Generally, those that oppose the use of force or violence in society deplore the use of physical means to intervene in another person s behavior, although some are willing to expand the concept of force or violence to include emotional abuse, cultural prejudices, mental games that is, forms of psychological warfare and propaganda designed to undermine the dignity of the individual.
d. Innocents
Who is the target of any war, violence, force, or restraint also has to be considered by the pacifist. Few would admit that a dangerous person should not be restrained in some form or other, and most pacifists would accept injuring or even killing a dangerous criminal if the circumstances admit it, although the argument for retaining a moral purity can be deployed here, leaving the pacifist to justify permitting aggression to flourish.
In this case, the pacifist has to evaluate the moral nature of the particular threat against duties towards others and their right to peace. Deontological pacifists, those who assert that peaceful interaction is a duty to be supported, must weigh their pacifism against the violation of that peace by criminals or dangerous persons. Some pacifists here resort to defining innocents as people deserving their dignity and peace and whose lives ought to be protected against violent offenders. Violence and the use of force by domestic authorities may be thus permitted by pacifists, who reject war or interventions across borders, but they would emphasize that any infringement should be reasonable and be legitimate and should avoid any unnecessary violence. Once an interventionist war is morally permitted the pacifist becomes at least pacificist (see below).
The most intricate difficulty facing the general pacifist is the link between personal pacifism and international pacifism, which is not very clear-cut in most writings. Some pacifists, as we have seen, may admit the use of internal aggression to sustain law and order but be set against the use of aggression for resolving international disputes. Unlike domestic issues, they can argue, international affairs is subject to no overriding supreme authority that can be turned to for conflict resolution, and here the pacifist would argue that war should never be employed as a means for resolving disputes between morally or politically equal corporate entities. However, the question can be raised as to why the use of force is morally legitimate within a nation s borders (to restrain criminals) but not so beyond them (to restrain international criminals), especially if the case involves halting the illegitimate use of aggression by one party against innocents.
2. The Ethics of Pacifism
As noted above, pacifist ethics can be described from two main viewpoints. Firstly, the deontological position which decrees that moral agents have an absolute duty to avoid aggressing or waging war against others. Secondly, the consequentialist position which asserts that no good ever comes from aggressive actions or war and it is thereby prohibited, not because it is an evil in itself, but because it always leads to a worse off position for the majority. This section investigates firstly the absolutist doctrine, then conditional pacifism from both perspectives.
a. Absolute Pacifism
ii. Deontological Pacifism
Held as a duty, it is incumbent on the pacifist never to aggress, use force, or support or engage in war against another. Duties are moral actions that are required or demanded in all pertinent circumstances.

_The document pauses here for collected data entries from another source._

(* Let $\lambda>0$, $\beta\ge\alpha>1$ and $\gamma\ge\alpha/\beta$. Then $$\sum_{i\in\mathbb{N}}\frac{i^{-\alpha}}{(i^{-\beta}+\lambda)^\gamma}\le\lambda^{-\frac{1+\beta\gamma-\alpha}{\beta}}\,2^{1-\frac{\alpha}{\beta}}\int_0^\infty\frac{1}{1+y^\alpha}\,dy.$$ *)

theory Defs
  imports "HOL-Analysis.Analysis"
begin

end

theory Submission
  imports Defs
begin

(* With u = lam x^beta, p = alpha/beta and q = gamma - p, the i-th summand is
   lam^-q u^q / (1 + u)^(p + q) \<le> lam^-q (1 + u)^-p, and concavity of t \<mapsto> t^p gives
   (1 + u)^-p \<le> 2^(1-p) / (1 + u^p).  Since u^p = (lam^(1/beta) i)^alpha, the summand is
   bounded by a multiple of G (h i) with G y = 1 / (1 + y^alpha) and h = lam^(1/beta);
   as G is decreasing, h G (h i) is at most the integral of G over [h (i - 1), h i]. *)

lemma powr_concave:
  fixes p :: real
  assumes "0 < p" "p \<le> 1"
  shows "concave_on {0<..} (\<lambda>x. x powr p)"
proof (rule f''_le0_imp_concave)
  fix x :: real
  assume "x \<in> {0<..}"
  then show "((\<lambda>x. x powr p) has_real_derivative p * x powr (p - 1)) (at x)"
    and "((\<lambda>x. p * x powr (p - 1)) has_real_derivative p * ((p - 1) * x powr (p - 1 - 1))) (at x)"
    by (auto intro!: derivative_eq_intros)
  show "p * ((p - 1) * x powr (p - 1 - 1)) \<le> 0"
    using assms by (intro mult_nonneg_nonpos mult_nonpos_nonneg) auto
qed auto

lemma one_plus_powr_le:
  fixes p u :: real
  assumes "0 < p" "p \<le> 1" "0 < u"
  shows "1 + u powr p \<le> 2 powr (1 - p) * (1 + u) powr p"
proof -
  have "(1 - 1/2) * 1 powr p + (1/2) * u powr p \<le> ((1 - 1/2) *\<^sub>R 1 + (1/2) *\<^sub>R u) powr p"
    by (rule concave_onD[OF powr_concave]) (use assms in auto)
  then have "1 + u powr p \<le> 2 * ((1 + u) / 2) powr p"
    by (simp add: field_simps)
  also have "\<dots> = 2 powr (1 - p) * (1 + u) powr p"
    using assms by (simp add: powr_divide powr_diff)
  finally show ?thesis .
qed

lemma powr_div_one_plus_powr_le:
  fixes p q u :: real
  assumes "0 < p" "p \<le> 1" "0 \<le> q" "0 < u"
  shows "u powr q / (1 + u) powr (p + q) \<le> 2 powr (1 - p) / (1 + u powr p)"
proof -
  have "u powr q / (1 + u) powr (p + q) = (u / (1 + u)) powr q / (1 + u) powr p"
    using assms by (simp add: powr_divide powr_add)
  also have "\<dots> \<le> 1 / (1 + u) powr p"
    using assms by (intro divide_right_mono powr_le1) auto
  also have "\<dots> \<le> 2 powr (1 - p) / (1 + u powr p)"
    using one_plus_powr_le[OF assms(1,2,4)] assms by (simp add: divide_simps add_pos_nonneg)
  finally show ?thesis .
qed

lemma summand_le:
  fixes lam alpha beta gamma x :: real
  assumes "0 < lam" "0 < alpha" "alpha \<le> beta" "alpha / beta \<le> gamma" "0 < x"
  shows "x powr (-alpha) / (x powr (-beta) + lam) powr gamma
     \<le> lam powr (-((beta * gamma - alpha) / beta)) * 2 powr (1 - alpha / beta)
        / (1 + (lam powr (1 / beta) * x) powr alpha)"
proof -
  define p where "p = alpha / beta"
  define q where "q = gamma - p"
  define u where "u = lam * x powr beta"
  have "0 < beta" using assms by linarith
  then have p: "0 < p" "p \<le> 1" using assms by (auto simp: p_def field_simps)
  have q: "0 \<le> q" using assms by (simp add: q_def p_def)
  have u: "0 < u" using assms by (simp add: u_def)
  have beta_q: "beta * q = beta * gamma - alpha"
    using \<open>0 < beta\<close> by (simp add: q_def p_def algebra_simps)
  have q_eq: "(beta * gamma - alpha) / beta = q"
    using \<open>0 < beta\<close> by (simp add: beta_q[symmetric])
  have u_powr_p: "u powr p = (lam powr (1 / beta) * x) powr alpha"
    using assms \<open>0 < beta\<close> by (simp add: u_def powr_mult powr_powr p_def field_simps)
  have "x powr (-beta) + lam = x powr (-beta) * (1 + u)"
    using assms by (simp add: u_def powr_minus field_simps)
  then have pow_gamma: "(x powr (-beta) + lam) powr gamma = x powr (-beta * gamma) * (1 + u) powr gamma"
    using assms u by (simp add: powr_mult powr_powr)
  have x_powr: "x powr (beta * q) = u powr q / lam powr q"
    using assms by (simp add: u_def powr_mult powr_powr field_simps)
  have "x powr (-alpha) / (x powr (-beta) + lam) powr gamma = x powr (beta * q) / (1 + u) powr gamma"
    unfolding pow_gamma beta_q using assms by (simp add: powr_diff powr_minus field_simps)
  also have "\<dots> = (u powr q / (1 + u) powr (p + q)) / lam powr q"
    unfolding x_powr by (simp add: q_def)
  also have "\<dots> \<le> (2 powr (1 - p) / (1 + u powr p)) / lam powr q"
    using powr_div_one_plus_powr_le[OF p q u] assms by (intro divide_right_mono) auto
  also have "\<dots> = lam powr (-((beta * gamma - alpha) / beta)) * 2 powr (1 - alpha / beta)
        / (1 + (lam powr (1 / beta) * x) powr alpha)"
    unfolding q_eq u_powr_p by (simp add: p_def powr_minus field_simps)
  finally show ?thesis .
qed

lemma antimono_sum_le_integral:
  fixes G :: "real \<Rightarrow> real" and h :: real
  assumes "0 < h" and G_int: "G integrable_on {0..}" and G_nonneg: "\<And>y. 0 \<le> y \<Longrightarrow> 0 \<le> G y"
    and G_antimono: "\<And>x y. 0 \<le> x \<Longrightarrow> x \<le> y \<Longrightarrow> G y \<le> G x"
  shows "summable (\<lambda>n. G (h * real (Suc n)))"
    and "h * (\<Sum>n. G (h * real (Suc n))) \<le> integral {0..} G"
proof -
  have G_int_interval: "G integrable_on {a..b}" if "0 \<le> a" for a b
    using integrable_on_subinterval[OF G_int] that by auto
  have partial_le: "h * (\<Sum>n<N. G (h * real (Suc n))) \<le> integral {0..h * real N} G" for N
  proof (induction N)
    case (Suc N)
    have "0 \<le> h * real N"
      using \<open>0 < h\<close> by simp
    have "h * G (h * real (Suc N)) = integral {h * real N..h * real (Suc N)} (\<lambda>_. G (h * real (Suc N)))"
      using \<open>0 < h\<close> by (simp add: algebra_simps)
    also have "\<dots> \<le> integral {h * real N..h * real (Suc N)} G"
      by (intro integral_le G_int_interval G_antimono) (auto intro: order_trans[OF \<open>0 \<le> h * real N\<close>])
    finally have "h * (\<Sum>n<Suc N. G (h * real (Suc n)))
        \<le> integral {0..h * real N} G + integral {h * real N..h * real (Suc N)} G"
      using Suc.IH by (simp add: distrib_left)
    also have "\<dots> = integral {0..h * real (Suc N)} G"
      using \<open>0 < h\<close> by (intro Henstock_Kurzweil_Integration.integral_combine G_int_interval) auto
    finally show ?case .
  qed simp
  have sums_le: "(\<Sum>n<N. G (h * real (Suc n))) \<le> integral {0..} G / h" for N
  proof -
    have "integral {0..h * real N} G \<le> integral {0..} G"
      by (intro integral_subset_le G_int_interval G_int) (auto intro: G_nonneg)
    then show ?thesis
      using partial_le[of N] \<open>0 < h\<close> by (simp add: field_simps)
  qed
  show summable: "summable (\<lambda>n. G (h * real (Suc n)))"
    using \<open>0 < h\<close> by (intro summableI_nonneg_bounded[OF _ sums_le] G_nonneg) simp
  have "(\<Sum>n. G (h * real (Suc n))) \<le> integral {0..} G / h"
    by (rule suminf_le_const[OF summable sums_le])
  then show "h * (\<Sum>n. G (h * real (Suc n))) \<le> integral {0..} G"
    using \<open>0 < h\<close> by (simp add: field_simps)
qed

lemma integrable_one_over_one_plus_powr:
  fixes alpha :: real
  assumes "1 < alpha"
  shows "(\<lambda>y::real. 1 / (1 + y powr alpha)) integrable_on {0..}"
proof (rule integrable_Un')
  have "continuous_on {0..} (\<lambda>y::real. y powr alpha)"
    using assms by (intro continuous_on_powr') (auto intro!: continuous_intros)
  moreover have "1 + y powr alpha \<noteq> 0" for y :: real
    using powr_ge_zero[of y alpha] by linarith
  ultimately have cont: "continuous_on {0..} (\<lambda>y::real. 1 / (1 + y powr alpha))"
    by (intro continuous_on_divide continuous_on_add continuous_on_const) auto
  show "(\<lambda>y::real. 1 / (1 + y powr alpha)) integrable_on {0..1}"
    by (rule integrable_continuous_interval) (rule continuous_on_subset[OF cont], auto)
  show "(\<lambda>y::real. 1 / (1 + y powr alpha)) integrable_on {1..}"
  proof (rule measurable_bounded_by_integrable_imp_integrable)
    show "(\<lambda>y::real. 1 / (1 + y powr alpha)) \<in> borel_measurable (lebesgue_on {1..})"
      by (rule continuous_imp_measurable_on_sets_lebesgue) (rule continuous_on_subset[OF cont], auto)
    show "(\<lambda>y::real. y powr (-alpha)) integrable_on {1..}"
      using has_integral_powr_to_inf[of "-alpha" 1] assms by (auto simp: integrable_on_def)
    show "norm (1 / (1 + y powr alpha)) \<le> y powr (-alpha)" if "y \<in> {1..}" for y :: real
      using that by (simp add: powr_minus divide_simps add_pos_nonneg)
  qed simp
qed (auto simp: Int_atLeastAtMost)

theorem lemma3:
  fixes lam alpha beta gamma :: real
  assumes "lam > 0" and "alpha > 1" and "beta \<ge> alpha" and "gamma \<ge> alpha / beta"
  shows "summable (\<lambda>n. real (Suc n) powr (-alpha) / (real (Suc n) powr (-beta) + lam) powr gamma)
    \<and> (\<Sum>n. real (Suc n) powr (-alpha) / (real (Suc n) powr (-beta) + lam) powr gamma)
      \<le> lam powr (-((1 + beta * gamma - alpha) / beta)) * 2 powr (1 - alpha / beta)
         * integral {0..} (\<lambda>y::real. 1 / (1 + y powr alpha))"
proof -
  define f where "f = (\<lambda>n. real (Suc n) powr (-alpha) / (real (Suc n) powr (-beta) + lam) powr gamma)"
  define G where "G y = 1 / (1 + y powr alpha)" for y :: real
  define h where "h = lam powr (1 / beta)"
  define c where "c = lam powr (-((beta * gamma - alpha) / beta)) * 2 powr (1 - alpha / beta)"
  have "0 < h" "0 \<le> c" using assms by (auto simp: h_def c_def)
  have G_antimono: "G y \<le> G x" if "0 \<le> x" "x \<le> y" for x y
  proof -
    have "x powr alpha \<le> y powr alpha"
      using that assms by (intro powr_mono2) auto
    then show ?thesis
      unfolding G_def by (intro divide_left_mono mult_pos_pos add_pos_nonneg) auto
  qed
  have G_int: "G integrable_on {0..}"
    unfolding G_def using \<open>1 < alpha\<close> by (rule integrable_one_over_one_plus_powr)
  have G_nonneg: "0 \<le> G y" for y
    by (simp add: G_def)
  note G_summable = antimono_sum_le_integral(1)[OF \<open>0 < h\<close> G_int G_nonneg G_antimono]
  note G_sum_le = antimono_sum_le_integral(2)[OF \<open>0 < h\<close> G_int G_nonneg G_antimono]
  have f_le: "f n \<le> c * G (h * real (Suc n))" for n
    using summand_le[of lam alpha beta gamma "real (Suc n)"] assms
    by (simp add: f_def c_def G_def h_def)
  have "summable f"
    by (rule summable_comparison_test[OF _ summable_mult[OF G_summable]])
      (use f_le in \<open>auto simp: f_def\<close>)
  have "(\<Sum>n. f n) \<le> c * (\<Sum>n. G (h * real (Suc n)))"
    using suminf_le[OF f_le \<open>summable f\<close> summable_mult[OF G_summable]] suminf_mult[OF G_summable]
    by simp
  also have "\<dots> \<le> c / h * integral {0..} G"
    using mult_left_mono[OF G_sum_le \<open>0 \<le> c\<close>] \<open>0 < h\<close> by (simp add: field_simps)
  also have "c / h = lam powr (-((beta * gamma - alpha) / beta) - 1 / beta) * 2 powr (1 - alpha / beta)"
    by (simp add: c_def h_def powr_diff)
  also have "-((beta * gamma - alpha) / beta) - 1 / beta = -((1 + beta * gamma - alpha) / beta)"
    by (simp add: add_divide_distrib diff_divide_distrib)
  finally show ?thesis
    using \<open>summable f\<close> unfolding f_def G_def by simp
qed

end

The first problem for deontological pacifism is the potential collision of duties. What if force is to be used to halt an aggressor who endangers the pacifist s life, or the life of an innocent? Regarding the pacifist s own life, it can be argued that he or she possesses no right of self-defense (and must “turn the other cheek”), although this is typically the position of those who place not much value on living this life in favor of living a life in the realms beyond. Among such adherents are religious pacifists. Another example: does the duty to respect others outweigh the duty to respect oneself? The aggressor obviously transcends any duty of respect he should have towards his victim but does that warrant the forfeiture of his life? Those pacifists who admit the right to defend the self against a threat can admit the use of restraining or disabling force and even, if the threat is deadly, the right to kill an assailant. Deontological pacifists can claim that others rights to life are of a higher order duty than the duty to intervene to save oneself. But that hinges upon a moral evaluation of the self compared to others, and it is not clear why others should accord a higher moral evaluation: for after all the self is in turn one amongst many others from a different subject s point of view.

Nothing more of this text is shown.